(Saved data entries)
═══

(* Let $n>5$ be prime, $d\ge1$, and let $\gamma$ be a probability distribution on $\mathbb{Z}_n^d$ with $\gamma(k)\in\mathbb{Q}$ for all $k$. If the random walk on $\mathbb{Z}_n^d$ with step distribution $\gamma$ is reconstructive, then the Fourier coefficients $\{\hat{\gamma}(x)\}_{x\in\mathbb{Z}_n^d}$ are pairwise distinct.
   Context: The Fourier transform is $\hat{\gamma}(x)=\sum_{k\in\mathbb{Z}_n^d}\omega_n^{k\cdot x}\gamma(k)$, where $k\cdot x=\sum_{i=1}^d k_ix_i$ in $\mathbb{Z}_n$ and $\omega_n=e^{-2\pi i/n}$. The random walk has $v(1)$ uniform on $\mathbb{Z}_n^d$ and independent steps with $\mathbb{P}(v(t+1)-v(t)=k)=\gamma(k)$. It is reconstructive if, for any two labelings $f_1,f_2:\mathbb{Z}_n^d\to\{0,1\}$, the distributions of $\{f_1(v(t))\}_{t\ge1}$ and $\{f_2(v(t))\}_{t\ge1}$ coincide only if there is $\ell$ with $f_1(k)=f_2(k+\ell)$ for all $k$. *)

theory Defs
  imports Complex_Main "HOL-Computational_Algebra.Primes"
begin

text \<open>Elements of Z_n^d are represented as functions nat => nat whose coordinates
  i < d lie in {0..<n} and whose coordinates i >= d are 0.\<close>

definition ZN :: "nat \<Rightarrow> nat \<Rightarrow> (nat \<Rightarrow> nat) set" where
  "ZN n d = {x. \<forall>i. (i < d \<longrightarrow> x i < n) \<and> (d \<le> i \<longrightarrow> x i = 0)}"

definition addZ :: "nat \<Rightarrow> nat \<Rightarrow> (nat \<Rightarrow> nat) \<Rightarrow> (nat \<Rightarrow> nat) \<Rightarrow> (nat \<Rightarrow> nat)" where
  "addZ n d x y = (\<lambda>i. if i < d then (x i + y i) mod n else 0)"

definition subZ :: "nat \<Rightarrow> nat \<Rightarrow> (nat \<Rightarrow> nat) \<Rightarrow> (nat \<Rightarrow> nat) \<Rightarrow> (nat \<Rightarrow> nat)" where
  "subZ n d y x = (\<lambda>i. if i < d then (y i + n - x i) mod n else 0)"

definition prob_dist :: "nat \<Rightarrow> nat \<Rightarrow> ((nat \<Rightarrow> nat) \<Rightarrow> real) \<Rightarrow> bool" where
  "prob_dist n d \<gamma> \<longleftrightarrow> (\<forall>k\<in>ZN n d. \<gamma> k \<ge> 0) \<and> (\<Sum>k\<in>ZN n d. \<gamma> k) = 1"

definition fourier :: "nat \<Rightarrow> nat \<Rightarrow> ((nat \<Rightarrow> nat) \<Rightarrow> real) \<Rightarrow> (nat \<Rightarrow> nat) \<Rightarrow> complex" where
  "fourier n d \<gamma> x =
     (\<Sum>k\<in>ZN n d. exp (- 2 * pi * \<i> / of_nat n) ^ (\<Sum>i<d. k i * x i) * of_real (\<gamma> k))"

fun trans_prod :: "nat \<Rightarrow> nat \<Rightarrow> ((nat \<Rightarrow> nat) \<Rightarrow> real) \<Rightarrow> (nat \<Rightarrow> nat) list \<Rightarrow> real" where
  "trans_prod n d \<gamma> (x # y # xs) = \<gamma> (subZ n d y x) * trans_prod n d \<gamma> (y # xs)"
| "trans_prod n d \<gamma> _ = 1"

text \<open>Finite-dimensional law of the label sequence: probability that
  (f(v(1)),...,f(v(m))) = w, where v(1) is uniform and steps are i.i.d. with law gamma.\<close>
definition label_law :: "nat \<Rightarrow> nat \<Rightarrow> ((nat \<Rightarrow> nat) \<Rightarrow> real) \<Rightarrow> ((nat \<Rightarrow> nat) \<Rightarrow> bool)
    \<Rightarrow> bool list \<Rightarrow> real" where
  "label_law n d \<gamma> f w =
     (\<Sum>xs\<in>{xs. length xs = length w \<and> set xs \<subseteq> ZN n d \<and> map f xs = w}.
        (1 / real (n ^ d)) * trans_prod n d \<gamma> xs)"

definition reconstructive :: "nat \<Rightarrow> nat \<Rightarrow> ((nat \<Rightarrow> nat) \<Rightarrow> real) \<Rightarrow> bool" where
  "reconstructive n d \<gamma> \<longleftrightarrow>
     (\<forall>f1 f2 :: (nat \<Rightarrow> nat) \<Rightarrow> bool.
        (\<forall>w. label_law n d \<gamma> f1 w = label_law n d \<gamma> f2 w) \<longrightarrow>
        (\<exists>l\<in>ZN n d. \<forall>k\<in>ZN n d. f1 k = f2 (addZ n d k l)))"

end

theory Submission
  imports Defs "HOL-Computational_Algebra.Polynomial_Factorial" "HOL-Number_Theory.Cong"
begin

(*
  For z in Z_n^d let mu_z = dot_law n d gamma z be the law of k . z mod n when k has law
  gamma.  The Fourier coefficient is gamma^(z) = sum_j mu_z(j) w^j with w a primitive n-th
  root of unity.  As the cyclotomic polynomial 1 + X + ... + X^(n-1) is irreducible
  (Eisenstein at n after X := X + 1), a rational relation among 1, w, ..., w^(n-1) has
  constant coefficients; since both laws have mass one, equal Fourier coefficients at x and y
  force mu_x = mu_y.

  A labeling g o (. z) of Z_n^d sees only the projection of the walk to Z_n, whose steps have
  law mu_z, and for z <> 0 all level sets of k . z have the same size.  Hence g o (. x) and
  g o (. y) have the same label law for every g : Z_n -> bool.  For x <> y and n > 5 a labeling
  of Z_n with two or three marked points makes g o (. x) differ from every translate of
  g o (. y), so the walk is not reconstructive.  If one of x, y is 0, then gamma lives on the
  hyperplane orthogonal to the other one, z say, and the pair z, 2z takes its place.
*)

section \<open>The cyclotomic polynomial of prime index\<close>

lemma map_poly_of_int_add:
  "map_poly (of_int :: int \<Rightarrow> 'a :: comm_ring_1) (P + Q) = map_poly of_int P + map_poly of_int Q"
  by (rule poly_eqI) (simp add: coeff_map_poly)

lemma map_poly_of_int_mult:
  "map_poly (of_int :: int \<Rightarrow> 'a :: comm_ring_1) (P * Q) = map_poly of_int P * map_poly of_int Q"
  by (rule poly_eqI) (simp add: coeff_map_poly coeff_mult)

lemma map_poly_of_int_smult:
  "map_poly (of_int :: int \<Rightarrow> 'a :: comm_ring_1) (smult c P) = smult (of_int c) (map_poly of_int P)"
  by (rule poly_eqI) (simp add: coeff_map_poly)

lemma poly_map_of_int_monom_sum:
  "poly (map_poly (of_int :: int \<Rightarrow> 'a :: comm_ring_1) (\<Sum>j<m. monom (a j) j)) z = (\<Sum>j<m. of_int (a j) * z ^ j)"
proof -
  have "map_poly (of_int :: int \<Rightarrow> 'a) (\<Sum>j<m. monom (a j) j) = (\<Sum>j<m. monom (of_int (a j)) j)"
    by (rule poly_eqI) (simp add: coeff_map_poly coeff_sum coeff_monom of_int_sum [symmetric]
        if_distrib cong: if_cong)
  then show ?thesis
    by (simp add: poly_sum poly_monom)
qed

lemma prime_poly_dvd_of_common_root:
  fixes P Q :: "int poly" and z :: "'a :: field_char_0"
  assumes "prime_elem P" and root_P: "poly (map_poly of_int P) z = 0"
    and root_Q: "poly (map_poly of_int Q) z = 0"
  shows "P dvd Q"
proof -
  define root where "root R \<longleftrightarrow> poly (map_poly (of_int :: int \<Rightarrow> 'a) R) z = 0" for R
  have const_no_root: "\<not> root R" if "R dvd [:c:]" "c \<noteq> 0" for R c
  proof -
    have "degree R = 0" "R \<noteq> 0"
      using dvd_imp_degree_le[OF that(1)] that by auto
    obtain c' where "R = [:c':]"
      using \<open>degree R = 0\<close> by (rule degree_eq_zeroE)
    with \<open>R \<noteq> 0\<close> show ?thesis
      by (simp add: root_def map_poly_pCons)
  qed
  have "P \<noteq> 0"
    using \<open>prime_elem P\<close> by auto
  \<comment> \<open>a nonzero integer polynomial of least degree with root \<open>z\<close> divides a multiple
    of every other one\<close>
  have "\<exists>M. (M \<noteq> 0 \<and> root M) \<and> (\<forall>R. R \<noteq> 0 \<and> root R \<longrightarrow> degree M \<le> degree R)"
    by (rule ex_has_least_nat) (use \<open>P \<noteq> 0\<close> root_P in \<open>simp add: root_def\<close>)
  then obtain M where M: "M \<noteq> 0" "root M"
    and least: "\<And>R. R \<noteq> 0 \<Longrightarrow> root R \<Longrightarrow> degree M \<le> degree R"
    by blast
  have M_dvd: "\<exists>a. a \<noteq> 0 \<and> M dvd smult a R" if "root R" for R
  proof -
    obtain a q where "a \<noteq> 0" and a: "smult a R = M * q + pseudo_mod R M"
      using pseudo_mod(1)[OF \<open>M \<noteq> 0\<close>] by blast
    have "root (pseudo_mod R M)"
      using arg_cong[OF a, of "\<lambda>S. poly (map_poly of_int S) z"] \<open>root R\<close> \<open>root M\<close>
      by (simp add: root_def map_poly_of_int_add map_poly_of_int_mult map_poly_of_int_smult)
    then have "pseudo_mod R M = 0"
      using least pseudo_mod(2)[OF \<open>M \<noteq> 0\<close>, of R] leD by blast
    then show ?thesis
      using \<open>a \<noteq> 0\<close> a by auto
  qed
  have "P dvd M"
  proof -
    obtain a t where "a \<noteq> 0" and "smult a P = M * t"
      using M_dvd[of P] root_P unfolding root_def by blast
    then have "P dvd M * t"
      using dvd_smult[of P P a] by simp
    moreover have "\<not> P dvd t"
    proof
      assume "P dvd t"
      then obtain s where "t = P * s" ..
      then have "P * [:a:] = P * (M * s)"
        using \<open>smult a P = M * t\<close> by (simp add: mult_ac)
      then have "[:a:] = M * s"
        using \<open>P \<noteq> 0\<close> mult_left_cancel by blast
      then have "M dvd [:a:]" ..
      then show False
        using const_no_root \<open>a \<noteq> 0\<close> \<open>root M\<close> by blast
    qed
    ultimately show ?thesis
      using \<open>prime_elem P\<close> prime_elem_dvd_mult_iff by blast
  qed
  moreover obtain b where "b \<noteq> 0" and "M dvd [:b:] * Q"
    using M_dvd[of Q] root_Q unfolding root_def by auto
  ultimately have "P dvd [:b:] * Q"
    using dvd_trans by blast
  moreover have "\<not> P dvd [:b:]"
    using const_no_root \<open>b \<noteq> 0\<close> root_P unfolding root_def by blast
  ultimately show ?thesis
    using \<open>prime_elem P\<close> prime_elem_dvd_mult_iff by blast
qed

lemma eisenstein_factor_degree_0:
  fixes E g h :: "int poly" and p :: int
  assumes "prime p" and E: "E = g * h" and "degree E > 0"
    and dvd_coeff: "\<And>i. i < degree E \<Longrightarrow> p dvd coeff E i"
    and "\<not> p dvd lead_coeff E" and "\<not> p dvd coeff h 0"
  shows "degree h = 0"
proof -
  have "g \<noteq> 0" "h \<noteq> 0"
    using E \<open>degree E > 0\<close> by auto
  have "lead_coeff E = lead_coeff g * lead_coeff h"
    using E by (simp add: lead_coeff_mult)
  then have "\<not> p dvd lead_coeff g"
    using \<open>\<not> p dvd lead_coeff E\<close> by auto
  define r where "r = (LEAST i. \<not> p dvd coeff g i)"
  have r: "\<not> p dvd coeff g r" "r \<le> degree g"
    unfolding r_def using \<open>\<not> p dvd lead_coeff g\<close> by (fact LeastI Least_le)+
  have below_r: "p dvd coeff g i" if "i < r" for i
    using that not_less_Least unfolding r_def by blast
  \<comment> \<open>in the coefficient of \<open>X^r\<close> of \<open>g * h\<close> only the term \<open>coeff g r * coeff h 0\<close>
    escapes \<open>p\<close>\<close>
  have "coeff E r = (\<Sum>i<r. coeff g i * coeff h (r - i)) + coeff g r * coeff h 0"
    using E by (simp add: coeff_mult lessThan_Suc_atMost[symmetric])
  moreover have "p dvd (\<Sum>i<r. coeff g i * coeff h (r - i))"
    by (intro dvd_sum) (simp add: below_r)
  moreover have "\<not> p dvd coeff g r * coeff h 0"
    using assms(1,6) r(1) by (simp add: prime_dvd_mult_iff)
  ultimately have "\<not> p dvd coeff E r"
    by (simp add: dvd_add_right_iff)
  then have "degree E \<le> r"
    using dvd_coeff not_le by blast
  moreover have "degree E = degree g + degree h"
    using E \<open>g \<noteq> 0\<close> \<open>h \<noteq> 0\<close> by (simp add: degree_mult_eq)
  ultimately show ?thesis
    using r(2) by linarith
qed

lemma eisenstein_criterion:
  fixes E g h :: "int poly" and p :: int
  assumes "prime p" and E: "E = g * h" and deg: "degree E > 0"
    and dvd_coeff: "\<And>i. i < degree E \<Longrightarrow> p dvd coeff E i"
    and "\<not> p\<^sup>2 dvd coeff E 0" and lead: "\<not> p dvd lead_coeff E"
  shows "degree g = 0 \<or> degree h = 0"
proof -
  have "p dvd coeff E 0"
    using deg dvd_coeff by blast
  moreover have "coeff E 0 = coeff g 0 * coeff h 0"
    using E by (simp add: coeff_mult)
  ultimately have "\<not> p dvd coeff h 0 \<or> \<not> p dvd coeff g 0"
    using \<open>\<not> p\<^sup>2 dvd coeff E 0\<close> by (metis mult_dvd_mono power2_eq_square)
  moreover have "E = h * g"
    using E by (simp add: mult.commute)
  ultimately show ?thesis
    using eisenstein_factor_degree_0[OF \<open>prime p\<close> _ deg _ lead] dvd_coeff E by metis
qed
(* For every colouring $\psi$, there is a unique homomorphism of $\mathfrak a$-algebras $U_h(\psi)/hU_h(\psi)\to U(\mathfrak{sl}_2)$, and it is surjective.
   Context: $\mathbb k$ is a field of characteristic zero, and $\mathbb k[[h]]$ is the ring of formal power series over $\mathbb k$. For a $\mathbb k$-vector space $V_0$, $V_0[[h]]$ denotes the module of formal series $\sum_{m\ge0}v_mh^m$ with $v_m\in V_0$. $\mathfrak a$ is the Lie algebra over $\mathbb k$ generated by $H,X^-,X^+$ subject to $[H,X^\pm]=\pm2X^\pm$. An $\mathfrak a$-algebra is a $U(\mathfrak a)$-algebra, i.e. an algebra $A$ together with a structural homomorphism $U(\mathfrak a)\to A$; homomorphisms of $\mathfrak a$-algebras commute with the structural maps. $U(\mathfrak{sl}_2)$ is an $\mathfrak a$-algebra via the canonical projection, which sends $H,X^\pm$ to the Chevalley generators; these satisfy in addition $[X^+,X^-]=H$. We set $U_h(\mathfrak a):=U(\mathfrak a)[[h]]$. Any $U_h(\mathfrak a)$-algebra $A$ makes $A/hA$ an $\mathfrak a$-algebra, via $U_h(\mathfrak a)/hU_h(\mathfrak a)\cong U(\mathfrak a)$. A colouring is a sequence $\psi=(\psi^k)_{k\ge1}$ of functions $\psi^k:\mathbb Z\to\mathbb k[[h]]$ satisfying: - (C1) $\psi^k(n)\equiv k(n-k+1)\bmod h$; - (C2) $\psi^{n+1}(n)=0$ for all $n\ge0$; - (C3) $\psi^{n+k+1}(n)=\psi^k(-n-2)$ for all $k\ge1$ and all $n\ge0$. $V_h(n,\psi)$ is the representation of $U_h(\mathfrak a)$ on $(\bigoplus_{k\ge0}\mathbb k b_k)[[h]]$ with the following action: - $H.b_k=(n-2k)b_k$; - $X^-.b_k=b_{k+1}$; - $X^+.b_0=0$, and $X^+.b_k=\psi^k(n)b_{k-1}$ for $k\ge1$. $U_h(\psi)$ is the quotient of $U_h(\mathfrak a)$ by the two-sided ideal of elements that act by zero on $V_h(n,\psi)$ for every $n\in\mathbb Z$. It is a $U_h(\mathfrak a)$-algebra via the projection map. *)

theory Defs
  imports "HOL-Algebra.QuotRing" "HOL-Algebra.RingHom"
          "HOL-Computational_Algebra.Formal_Power_Series"
begin

datatype gen = GH | GXm | GXp

text \<open>Elements of the free algebra: finitely supported functions on words.
  A word [g1,...,gr] stands for the monomial g1 g2 ... gr.\<close>

definition free_alg :: "(gen list \<Rightarrow> 'k::field) ring" where
  "free_alg = \<lparr> carrier = {f. finite {w. f w \<noteq> 0}},
      monoid.mult = (\<lambda>f g w. \<Sum>i\<le>length w. f (take i w) * g (drop i w)),
      one = (\<lambda>w. if w = [] then 1 else 0),
      zero = (\<lambda>w. 0),
      add = (\<lambda>f g w. f w + g w) \<rparr>"
(* Let $E$ be a spectral set in a FTvN system $(\mathcal V,\mathcal W,\lambda)$. Then: (a) $\overline{E}$, $E^\circ$ and $\partial(E)$ are spectral. (b) If $\mathcal V$ is a Hilbert space, then $\overline{\operatorname{conv}(E)}$ is spectral. (c) If $\mathcal V$ is finite dimensional, then $\operatorname{conv}(E)$ is spectral; additionally, the convex cone generated by $E$ is spectral. (d) If $\mathcal V$ is a Hilbert space, then $E^p$ is spectral. In particular, if $\mathcal V$ is a Hilbert space and $S$ is a spectral set which is also a linear subspace of $\mathcal V$, then $S^\perp$ is spectral. (e) If $\mathcal V$ is a Hilbert space, then the sum of two compact convex spectral sets in $\mathcal V$ is spectral. (f) If $\mathcal V$ is finite dimensional, then the sum of two convex spectral sets is spectral.
   Context: A Fan-Theobald-von Neumann (FTvN) system is a triple $(\mathcal V,\mathcal W,\lambda)$ where $\mathcal V,\mathcal W$ are real inner product spaces and $\lambda:\mathcal V\to\mathcal W$ is a map such that: (A1) $\|\lambda(x)\|=\|x\|$ for all $x$; (A2) $\langle x,y\rangle\le\langle\lambda(x),\lambda(y)\rangle$ for all $x,y$; (A3) for every $c\in\mathcal V$ and $q\in\lambda(\mathcal V)$ there exists $x\in\mathcal V$ with $\lambda(x)=q$ and $\langle c,x\rangle=\langle\lambda(c),\lambda(x)\rangle$. The $\lambda$-orbit of $u$ is $[u]=\{x:\lambda(x)=\lambda(u)\}$. A set $E\subseteq\mathcal V$ is spectral if $E=\lambda^{-1}(Q)$ for some $Q\subseteq\mathcal W$, equivalently $x\in E\Rightarrow[x]\subseteq E$. $\overline{E}$, $E^\circ$, $\partial(E)$, $S^\perp$ denote closure, interior, boundary, orthogonal complement; $E^p=\{y\in\mathcal V:\langle y,x\rangle\le0\ \forall x\in E\}$ is the polar cone of $E$. *)

theory Defs
  imports "HOL-Analysis.Analysis"
begin
text \<open>The hypothesis \<open>\<not> Q 0\<close> handles out-of-range positions, where queries answer \<open>0\<close>.\<close>

lemma query_rank_iff:
  assumes sorted: "sorted xs" and up: "\<And>x y. x \<le> y \<Longrightarrow> Q x \<Longrightarrow> Q y" and "\<not> Q 0"
    and y: "1 \<le> y"
  shows "Q (query xs (real (length xs) + 1 + of_int \<lfloor>- y\<rfloor>))
    \<longleftrightarrow> y \<le> real (card {i. i < length xs \<and> Q (xs ! i)})"
proof -
  define c where "c = card {i. i < length xs \<and> Q (xs ! i)}"
  have c_le: "c \<le> length xs" unfolding c_def
    by (rule order.trans[OF card_mono[of "{..<length xs}"]]) auto
  define r where "r = \<lceil>y\<rceil>"
  have r1: "1 \<le> r" using y unfolding r_def by linarith
  have pos: "real (length xs) + 1 + of_int \<lfloor>- y\<rfloor> = of_int (int (length xs) + 1 - r)"
    unfolding r_def ceiling_def by simp
  have y_c: "y \<le> real c \<longleftrightarrow> r \<le> int c" unfolding r_def by (simp add: ceiling_le_iff)
  show ?thesis
  proof (cases "r \<le> int (length xs)")
    case True
    have "nat (int (length xs) + 1 - r) - 1 = length xs - nat r" using True r1 by linarith
    hence "query xs (of_int (int (length xs) + 1 - r)) = xs ! (length xs - nat r)"
      unfolding query_of_int using True r1 by simp
    moreover have "Q (xs ! (length xs - nat r)) \<longleftrightarrow> nat r \<le> c"
      unfolding c_def using sorted_rank_iff_card[OF sorted, of Q "nat r"] up True r1 by simp
    ultimately show ?thesis using pos y_c r1 c_def by auto
  next
    case False
    hence "query xs (of_int (int (length xs) + 1 - r)) = 0" unfolding query_of_int by simp
    thus ?thesis using pos y_c \<open>\<not> Q 0\<close> False c_le c_def by auto
  qed
qed

definition count_ge :: "real list \<Rightarrow> real \<Rightarrow> real" where
  "count_ge xs T = real (card {j. j < length xs \<and> T \<le> xs ! j})"

definition count_pos :: "real list \<Rightarrow> real" where
  "count_pos xs = real (card {j. j < length xs \<and> 0 < xs ! j})"

definition tail_sum :: "real list \<Rightarrow> real \<Rightarrow> real" where
  "tail_sum xs T = (\<Sum>j<length xs. if xs ! j < T then xs ! j else 0)"

lemma query_count_ge_iff:
  assumes "sorted xs" "0 < T" "1 \<le> y"
  shows "T \<le> query xs (real (length xs) + 1 + of_int \<lfloor>- y\<rfloor>) \<longleftrightarrow> y \<le> count_ge xs T"
  unfolding count_ge_def using assms by (intro query_rank_iff) auto

lemma query_count_pos_iff:
  assumes "sorted xs" "1 \<le> y"
  shows "0 < query xs (real (length xs) + 1 + of_int \<lfloor>- y\<rfloor>) \<longleftrightarrow> y \<le> count_pos xs"
  unfolding count_pos_def using assms by (intro query_rank_iff) auto

lemma real_card_eq_sum_indicator:
  "real (card {j. j < (n::nat) \<and> P j}) = (\<Sum>j<n. if P j then 1 else 0)"
  by (simp add: sum.If_cases Int_def)

lemma count_ge_antimono: "T' \<le> T \<Longrightarrow> count_ge xs T \<le> count_ge xs T'"
  unfolding count_ge_def by (intro of_nat_mono card_mono) auto

lemma count_ge_le_length: "count_ge xs T \<le> real (length xs)"
proof -
  have "card {j. j < length xs \<and> T \<le> xs ! j} \<le> card {..<length xs}" by (intro card_mono) auto
  thus ?thesis unfolding count_ge_def by simp
qed

lemma tail_sum_le_count:
  assumes nonneg: "\<forall>x\<in>set xs. 0 \<le> x" and "0 < T"
  shows "tail_sum xs T \<le> T * (count_pos xs - count_ge xs T)"
proof -
  have "tail_sum xs T
     \<le> (\<Sum>j<length xs. T * ((if 0 < xs ! j then 1 else 0) - (if T \<le> xs ! j then 1 else 0)))"
    unfolding tail_sum_def
  proof (rule sum_mono)
    fix j assume "j \<in> {..<length xs}"
    hence "0 \<le> xs ! j" using nonneg by auto
    thus "(if xs ! j < T then xs ! j else 0)
      \<le> T * ((if 0 < xs ! j then 1 else 0) - (if T \<le> xs ! j then 1 else 0))"
      using \<open>0 < T\<close> by auto
  qed
  also have "\<dots> = T * (count_pos xs - count_ge xs T)"
    unfolding count_ge_def count_pos_def real_card_eq_sum_indicator
      sum_distrib_left[symmetric] sum_subtractf by simp
  finally show ?thesis .
qed

lemma tail_sum_le_length:
  assumes nonneg: "\<forall>x\<in>set xs. 0 \<le> x" and "0 \<le> T"
  shows "tail_sum xs T \<le> real (length xs) * T"
proof -
  have "tail_sum xs T \<le> (\<Sum>j<length xs. T)"
    unfolding tail_sum_def using nonneg \<open>0 \<le> T\<close> by (intro sum_mono) (auto simp: nth_mem)
  thus ?thesis by simp
qed

section \<open>Rounding to a geometric grid\<close>

definition threshold :: "real \<Rightarrow> real \<Rightarrow> nat \<Rightarrow> real" where
  "threshold T0 \<rho> i = T0 / \<rho> ^ i"

lemma threshold_Suc: "1 < \<rho> \<Longrightarrow> threshold T0 \<rho> (Suc i) = threshold T0 \<rho> i / \<rho>"
  by (simp add: threshold_def field_simps)

lemma threshold_pos: "0 < T0 \<Longrightarrow> 1 < \<rho> \<Longrightarrow> 0 < threshold T0 \<rho> i"
  by (simp add: threshold_def)

lemma threshold_antimono:
  "0 < T0 \<Longrightarrow> 1 < \<rho> \<Longrightarrow> i \<le> j \<Longrightarrow> threshold T0 \<rho> j \<le> threshold T0 \<rho> i"
  unfolding threshold_def by (intro divide_left_mono power_increasing) auto

text \<open>For \<open>x \<ge> threshold T0 \<rho> m\<close>, the sum telescopes to the largest threshold \<open>\<le> x\<close>
  among the first \<open>m + 1\<close>; below \<open>threshold T0 \<rho> m\<close> it is \<open>0\<close>.\<close>

definition grid_round :: "real \<Rightarrow> real \<Rightarrow> nat \<Rightarrow> real \<Rightarrow> real" where
  "grid_round T0 \<rho> m x =
     (\<Sum>i<m. if threshold T0 \<rho> i \<le> x then threshold T0 \<rho> i * ((\<rho> - 1) / \<rho>) else 0)
     + (if threshold T0 \<rho> m \<le> x then threshold T0 \<rho> m else 0)"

═══

▶ **Aim of the task**: Only the count is wanted. Find the lines of the records that include the word "probability" and state how many.

▶ **Output for this task**: 2